How fast, how far: method diversification for measuring microplastic in environmental samples?

, Rist Sinja, Hartmann Nanna, Welden Natalie.

A diverse array of methods exist to quantify microplastic (MP) in environmental samples, however, the proliferation of new methods has accelerated in recent years. This has resulted in a wide variety of complimentary but also competing approaches to MP sampling, extraction and characterisation. While there is an obvious need for a suite of methods for different purposes, for example the precision required by research and the efficiency needed in monitoring, it has repeatedly been criticised that data are not comparable. Furthermore, the degree to which new methods are acknowledged and adopted and the reasoning behind it are currently unclear. We therefore need to determine the relative usefulness of the increasing number of available methods versus an aggravation of comparability. A systematic review of method use in the MP literature was undertaken, covering five common processing steps: sampling of water for MP, MP extraction from water samples, MP extraction from sediment samples, MP extraction from biota, and MP characterisation.
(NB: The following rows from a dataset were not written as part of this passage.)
(* Let $X$ be a Banach space, $B$ an admissible Banach sequence space over $\mathbb{Z}$, $(A_m)_{m\in\mathbb{Z}}$ a sequence of invertible bounded linear operators on $X$ with $\sup_m\lVert A_m\rVert<\infty$ admitting an exponential dichotomy, and $c>0$ a constant as described in the context. Let $f_n\colon X\to X$, $n\in\mathbb{Z}$, be differentiable maps with $\lVert d_xf_n\rVert\le c$ for all $x,n$, $\sup_n\sup_x\lVert f_n(x)\rVert<\infty$, and $\lVert d_xf_n-d_yf_n\rVert\le D\lVert x-y\rVert^r$ for some $D,r>0$ and all $x,y,n$. Put $F_n=A_n+f_n$. For $\delta>0$ and a $(\delta,B)$-pseudotrajectory $\mathbf y=(y_n)_{n\in\mathbb{Z}}$ for $x_{n+1}=F_n(x_n)$, let $\Gamma\colon X_B\to X_B$ be given by $(\Gamma\boldsymbol\xi)_n=A_{n-1}\xi_{n-1}+d_{y_{n-1}}f_{n-1}\,\xi_{n-1}$. Then $\mathrm{Id}-\Gamma$ is invertible on $X_B$, and there exists a constant $K>0$, independent of the pseudotrajectory $\mathbf y$ (and of $\delta$), such that $\lVert(\mathrm{Id}-\Gamma)^{-1}\rVert\le K$.
   Context: A normed sequence space over $\mathbb{Z}$ is a linear subspace $B$ of the space of real sequences $\mathbf s=(s_n)_{n\in\mathbb{Z}}$ with a norm $\lVert\cdot\rVert_B$ such that if $\mathbf s'\in B$ and $|s_n|\le|s'_n|$ for all $n$ then $\mathbf s\in B$ and $\lVert\mathbf s\rVert_B\le\lVert\mathbf s'\rVert_B$; a Banach sequence space if complete. Admissible: each $\chi_{\{n\}}\in B$ with $\lVert\chi_{\{n\}}\rVert_B>0$, and $B$ is invariant under shifts $(s_n)\mapsto(s_{n+m})$ with equal norms; assume $\lVert\chi_{\{0\}}\rVert_B=1$. $X_B$ is the set of sequences $(x_n)\subset X$ with $(\lVert x_n\rVert)\in B$, normed by $\lVert\mathbf x\rVert_B=\lVert(\lVert x_n\rVert)_n\rVert_B$. Exponential dichotomy: with $\mathcal A(m,n)=A_{m-1}\cdots A_n$ ($m>n$), $\mathrm{Id}$ ($m=n$), $A_m^{-1}\cdots A_{n-1}^{-1}$ ($m<n$), there exist projections $P_m$ with $P_{m+1}A_m=A_mP_m$ and $C,\lambda>0$ with $\lVert\mathcal A(m,n)P_n\rVert\le Ce^{-\lambda(m-n)}$ ($m\ge n$) and $\lVert\mathcal A(m,n)(\mathrm{Id}-P_n)\rVert\le Ce^{-\lambda(n-m)}$ ($m\le n$). The constant $c>0$ is such that there is $K>0$ for which every sequence $(B_m)$ of bounded operators with $\sup_m\lVert A_m-B_m\rVert\le c$ admits an exponential dichotomy and the operator $(\mathbb B\mathbf x)_n=B_{n-1}x_{n-1}$ on $X_B$ has $\mathrm{Id}-\mathbb B$ invertible with $\lVert(\mathrm{Id}-\mathbb B)^{-1}\rVert\le K$. A $(\delta,B)$-pseudotrajectory for $x_{n+1}=F_n(x_n)$ is a sequence $(y_n)\subset X$ with $(y_{n+1}-F_n(y_n))_n\in X_B$ and $\lVert(y_{n+1}-F_n(y_n))_n\rVert_B\le\delta$. *)

theory Defs
  imports "HOL-Analysis.Analysis"
begin

definition normed_seq_space :: "(int \<Rightarrow> real) set \<Rightarrow> ((int \<Rightarrow> real) \<Rightarrow> real) \<Rightarrow> bool" where
  "normed_seq_space SB nB \<longleftrightarrow>
     (\<lambda>n. 0) \<in> SB \<and>
     (\<forall>s\<in>SB. \<forall>t\<in>SB. (\<lambda>n. s n + t n) \<in> SB) \<and>
     (\<forall>s\<in>SB. \<forall>a::real. (\<lambda>n. a * s n) \<in> SB) \<and>
     (\<forall>s\<in>SB. nB s \<ge> 0 \<and> (nB s = 0 \<longleftrightarrow> s = (\<lambda>n. 0))) \<and>
     (\<forall>s\<in>SB. \<forall>a::real. nB (\<lambda>n. a * s n) = \<bar>a\<bar> * nB s) \<and>
     (\<forall>s\<in>SB. \<forall>t\<in>SB. nB (\<lambda>n. s n + t n) \<le> nB s + nB t) \<and>
     (\<forall>s t. t \<in> SB \<longrightarrow> (\<forall>n. \<bar>s n\<bar> \<le> \<bar>t n\<bar>) \<longrightarrow> s \<in> SB \<and> nB s \<le> nB t)"

definition banach_seq_space :: "(int \<Rightarrow> real) set \<Rightarrow> ((int \<Rightarrow> real) \<Rightarrow> real) \<Rightarrow> bool" where
  "banach_seq_space SB nB \<longleftrightarrow> normed_seq_space SB nB \<and>
     (\<forall>u :: nat \<Rightarrow> int \<Rightarrow> real. (\<forall>k. u k \<in> SB) \<longrightarrow>
        (\<forall>e>0. \<exists>N. \<forall>k\<ge>N. \<forall>l\<ge>N. nB (\<lambda>n. u k n - u l n) < e) \<longrightarrow>
        (\<exists>s\<in>SB. (\<lambda>k. nB (\<lambda>n. u k n - s n)) \<longlonglongrightarrow> 0))"

definition admissible_seq_space :: "(int \<Rightarrow> real) set \<Rightarrow> ((int \<Rightarrow> real) \<Rightarrow> real) \<Rightarrow> bool" where
  "admissible_seq_space SB nB \<longleftrightarrow>
     (\<forall>n. indicator {n} \<in> SB \<and> nB (indicator {n}) > 0) \<and>
     (\<forall>s\<in>SB. \<forall>m. (\<lambda>n. s (n + m)) \<in> SB \<and> nB (\<lambda>n. s (n + m)) = nB s) \<and>
     nB (indicator {0}) = 1"

definition in_XB :: "(int \<Rightarrow> real) set \<Rightarrow> (int \<Rightarrow> 'a::real_normed_vector) \<Rightarrow> bool" where
  "in_XB SB x \<longleftrightarrow> (\<lambda>n. norm (x n)) \<in> SB"

definition norm_XB :: "((int \<Rightarrow> real) \<Rightarrow> real) \<Rightarrow> (int \<Rightarrow> 'a::real_normed_vector) \<Rightarrow> real" where
  "norm_XB nB x = nB (\<lambda>n. norm (x n))"

definition invertible_bl :: "('a::real_normed_vector \<Rightarrow>\<^sub>L 'a) \<Rightarrow> bool" where
  "invertible_bl T \<longleftrightarrow> (\<exists>S. T o\<^sub>L S = id_blinfun \<and> S o\<^sub>L T = id_blinfun)"

definition blinv :: "('a::real_normed_vector \<Rightarrow>\<^sub>L 'a) \<Rightarrow> ('a \<Rightarrow>\<^sub>L 'a)" where
  "blinv T = (SOME S. T o\<^sub>L S = id_blinfun \<and> S o\<^sub>L T = id_blinfun)"

text \<open>fwd A n k = A (n+k-1) \<circ> ... \<circ> A n\<close>
fun cocycle_fwd :: "(int \<Rightarrow> ('a::real_normed_vector \<Rightarrow>\<^sub>L 'a)) \<Rightarrow> int \<Rightarrow> nat \<Rightarrow> ('a \<Rightarrow>\<^sub>L 'a)" where
  "cocycle_fwd A n 0 = id_blinfun"
| "cocycle_fwd A n (Suc k) = A (n + int k) o\<^sub>L cocycle_fwd A n k"

text \<open>bwd A m k = A m^-1 \<circ> ... \<circ> A (m+k-1)^-1\<close>
fun cocycle_bwd :: "(int \<Rightarrow> ('a::real_normed_vector \<Rightarrow>\<^sub>L 'a)) \<Rightarrow> int \<Rightarrow> nat \<Rightarrow> ('a \<Rightarrow>\<^sub>L 'a)" where
  "cocycle_bwd A m 0 = id_blinfun"
| "cocycle_bwd A m (Suc k) = cocycle_bwd A m k o\<^sub>L blinv (A (m + int k))"

definition cocycle :: "(int \<Rightarrow> ('a::real_normed_vector \<Rightarrow>\<^sub>L 'a)) \<Rightarrow> int \<Rightarrow> int \<Rightarrow> ('a \<Rightarrow>\<^sub>L 'a)" where
  "cocycle A m n = (if n \<le> m then cocycle_fwd A n (nat (m - n)) else cocycle_bwd A m (nat (n - m)))"

definition exp_dichotomy :: "(int \<Rightarrow> ('a::real_normed_vector \<Rightarrow>\<^sub>L 'a)) \<Rightarrow> bool" where
  "exp_dichotomy A \<longleftrightarrow> (\<forall>m. invertible_bl (A m)) \<and>
     (\<exists>P :: int \<Rightarrow> ('a \<Rightarrow>\<^sub>L 'a). \<exists>C lam :: real. C > 0 \<and> lam > 0 \<and>
        (\<forall>m. P m o\<^sub>L P m = P m) \<and>
        (\<forall>m. P (m + 1) o\<^sub>L A m = A m o\<^sub>L P m) \<and>
        (\<forall>m n. n \<le> m \<longrightarrow> norm (cocycle A m n o\<^sub>L P n) \<le> C * exp (- lam * real_of_int (m - n))) \<and>
        (\<forall>m n. m \<le> n \<longrightarrow> norm (cocycle A m n o\<^sub>L (id_blinfun - P n)) \<le> C * exp (- lam * real_of_int (n - m))))"

definition id_minus_invertible_bound ::
  "(int \<Rightarrow> real) set \<Rightarrow> ((int \<Rightarrow> real) \<Rightarrow> real) \<Rightarrow> ((int \<Rightarrow> 'a::real_normed_vector) \<Rightarrow> (int \<Rightarrow> 'a)) \<Rightarrow> real \<Rightarrow> bool" where
  "id_minus_invertible_bound SB nB T K \<longleftrightarrow>
     (\<forall>\<xi>. in_XB SB \<xi> \<longrightarrow> in_XB SB (T \<xi>)) \<and>
     (\<forall>z. in_XB SB z \<longrightarrow> (\<exists>!\<xi>. in_XB SB \<xi> \<and> (\<lambda>n. \<xi> n - T \<xi> n) = z)) \<and>
     (\<forall>\<xi>. in_XB SB \<xi> \<longrightarrow> norm_XB nB \<xi> \<le> K * norm_XB nB (\<lambda>n. \<xi> n - T \<xi> n))"

definition shift_op :: "(int \<Rightarrow> ('a::real_normed_vector \<Rightarrow>\<^sub>L 'a)) \<Rightarrow> (int \<Rightarrow> 'a) \<Rightarrow> (int \<Rightarrow> 'a)" where
  "shift_op Bs x = (\<lambda>n. Bs (n - 1) (x (n - 1)))"

definition pseudotrajectory ::
  "(int \<Rightarrow> real) set \<Rightarrow> ((int \<Rightarrow> real) \<Rightarrow> real) \<Rightarrow> (int \<Rightarrow> 'a::real_normed_vector \<Rightarrow> 'a) \<Rightarrow> real \<Rightarrow> (int \<Rightarrow> 'a) \<Rightarrow> bool" where
  "pseudotrajectory SB nB F \<delta> y \<longleftrightarrow>
     in_XB SB (\<lambda>n. y (n + 1) - F n (y n)) \<and> norm_XB nB (\<lambda>n. y (n + 1) - F n (y n)) \<le> \<delta>"

end

theory Submission
  imports Defs
begin

(* The linearisation \<Gamma> along y is the operator shift_op Bs for Bs m = A m + d_{y m} f m,
   and norm (A m - Bs m) = norm (d_{y m} f m) \<le> c. So the uniform constant K attached to c
   bounds (Id - \<Gamma>)^-1 for every sequence y. *)

lemma shift_op_add:
  fixes A E :: "int \<Rightarrow> ('a::real_normed_vector \<Rightarrow>\<^sub>L 'a)"
  shows "shift_op (\<lambda>m. A m + E m) = (\<lambda>\<xi> n. A (n - 1) (\<xi> (n - 1)) + E (n - 1) (\<xi> (n - 1)))"
  by (simp add: shift_op_def blinfun.add_left fun_eq_iff)

lemma id_minus_shift_op_bound_perturbation:
  fixes A E :: "int \<Rightarrow> ('a::real_normed_vector \<Rightarrow>\<^sub>L 'a)"
  assumes "\<And>Bs. (\<forall>m. norm (A m - Bs m) \<le> c) \<Longrightarrow> id_minus_invertible_bound SB nB (shift_op Bs) K"
    and "\<And>m. norm (E m) \<le> c"
  shows "id_minus_invertible_bound SB nB
           (\<lambda>\<xi> n. A (n - 1) (\<xi> (n - 1)) + E (n - 1) (\<xi> (n - 1))) K"
proof -
  have "\<forall>m. norm (A m - (A m + E m)) \<le> c"
    using assms(2) by simp
  then have "id_minus_invertible_bound SB nB (shift_op (\<lambda>m. A m + E m)) K"
    by (rule assms(1))
  then show ?thesis
    by (simp add: shift_op_add)
qed

theorem lemma3p3:
  fixes SB :: "(int \<Rightarrow> real) set" and nB :: "(int \<Rightarrow> real) \<Rightarrow> real"
    and A :: "int \<Rightarrow> ('a::banach \<Rightarrow>\<^sub>L 'a)"
    and f :: "int \<Rightarrow> 'a \<Rightarrow> 'a" and df :: "int \<Rightarrow> 'a \<Rightarrow> ('a \<Rightarrow>\<^sub>L 'a)"
    and c :: real
  assumes B_banach: "banach_seq_space SB nB"
    and B_adm: "admissible_seq_space SB nB"
    and A_inv: "\<forall>m. invertible_bl (A m)"
    and A_bdd: "\<exists>M. \<forall>m. norm (A m) \<le> M"
    and A_dich: "exp_dichotomy A"
    and c_pos: "c > 0"
    and c_prop: "\<exists>K>0. \<forall>Bs :: int \<Rightarrow> ('a \<Rightarrow>\<^sub>L 'a). (\<forall>m. norm (A m - Bs m) \<le> c) \<longrightarrow>
                   exp_dichotomy Bs \<and> id_minus_invertible_bound SB nB (shift_op Bs) K"
    and f_deriv: "\<forall>n x. (f n has_derivative blinfun_apply (df n x)) (at x)"
    and df_bdd: "\<forall>n x. norm (df n x) \<le> c"
    and f_bdd: "\<exists>M. \<forall>n x. norm (f n x) \<le> M"
    and df_hoelder: "\<exists>D r. D > 0 \<and> r > 0 \<and> (\<forall>n x y. norm (df n x - df n y) \<le> D * norm (x - y) powr r)"
  shows "\<exists>K>0. \<forall>\<delta> y. \<delta> > 0 \<longrightarrow>
           pseudotrajectory SB nB (\<lambda>n x. A n x + f n x) \<delta> y \<longrightarrow>
           id_minus_invertible_bound SB nB
             (\<lambda>\<xi> n. A (n - 1) (\<xi> (n - 1)) + df (n - 1) (y (n - 1)) (\<xi> (n - 1))) K"
proof -
  obtain K where "K > 0"
    and K_bound: "\<And>Bs. (\<forall>m. norm (A m - Bs m) \<le> c) \<Longrightarrow>
                    id_minus_invertible_bound SB nB (shift_op Bs) K"
    using c_prop by blast
  have "id_minus_invertible_bound SB nB
          (\<lambda>\<xi> n. A (n - 1) (\<xi> (n - 1)) + df (n - 1) (y (n - 1)) (\<xi> (n - 1))) K" for y :: "int \<Rightarrow> 'a"
  proof (rule id_minus_shift_op_bound_perturbation[OF K_bound])
    show "norm (df m (y m)) \<le> c" for m
      using df_bdd by blast
  qed
  with \<open>K > 0\<close> show ?thesis
    by blast
qed

end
By approaching the literature in reverse chronological order, we identified the first occurrence of a method. New methods were categorised by their “degree of novelty” into: highly novel methods, secondary adaptations of existing methods and smaller, tertiary adaptations of existing methods. Apparent interest in new methods was determined by assessing the average number of citations per month of each publication. The proportional use of methods across all articles as well as the use of reporting units are also reported. Based on this dataset, we 1) assess the rate of method diversification, 2) identify key developments and points of diversification, and 3) analyse the level of interest in new methods and their apparent spread and adoption. The implications of method selection (accuracy, efficiency, and impacts on reporting and comparability) are highlighted and recommendations specific to both academic research and environmental monitoring are given.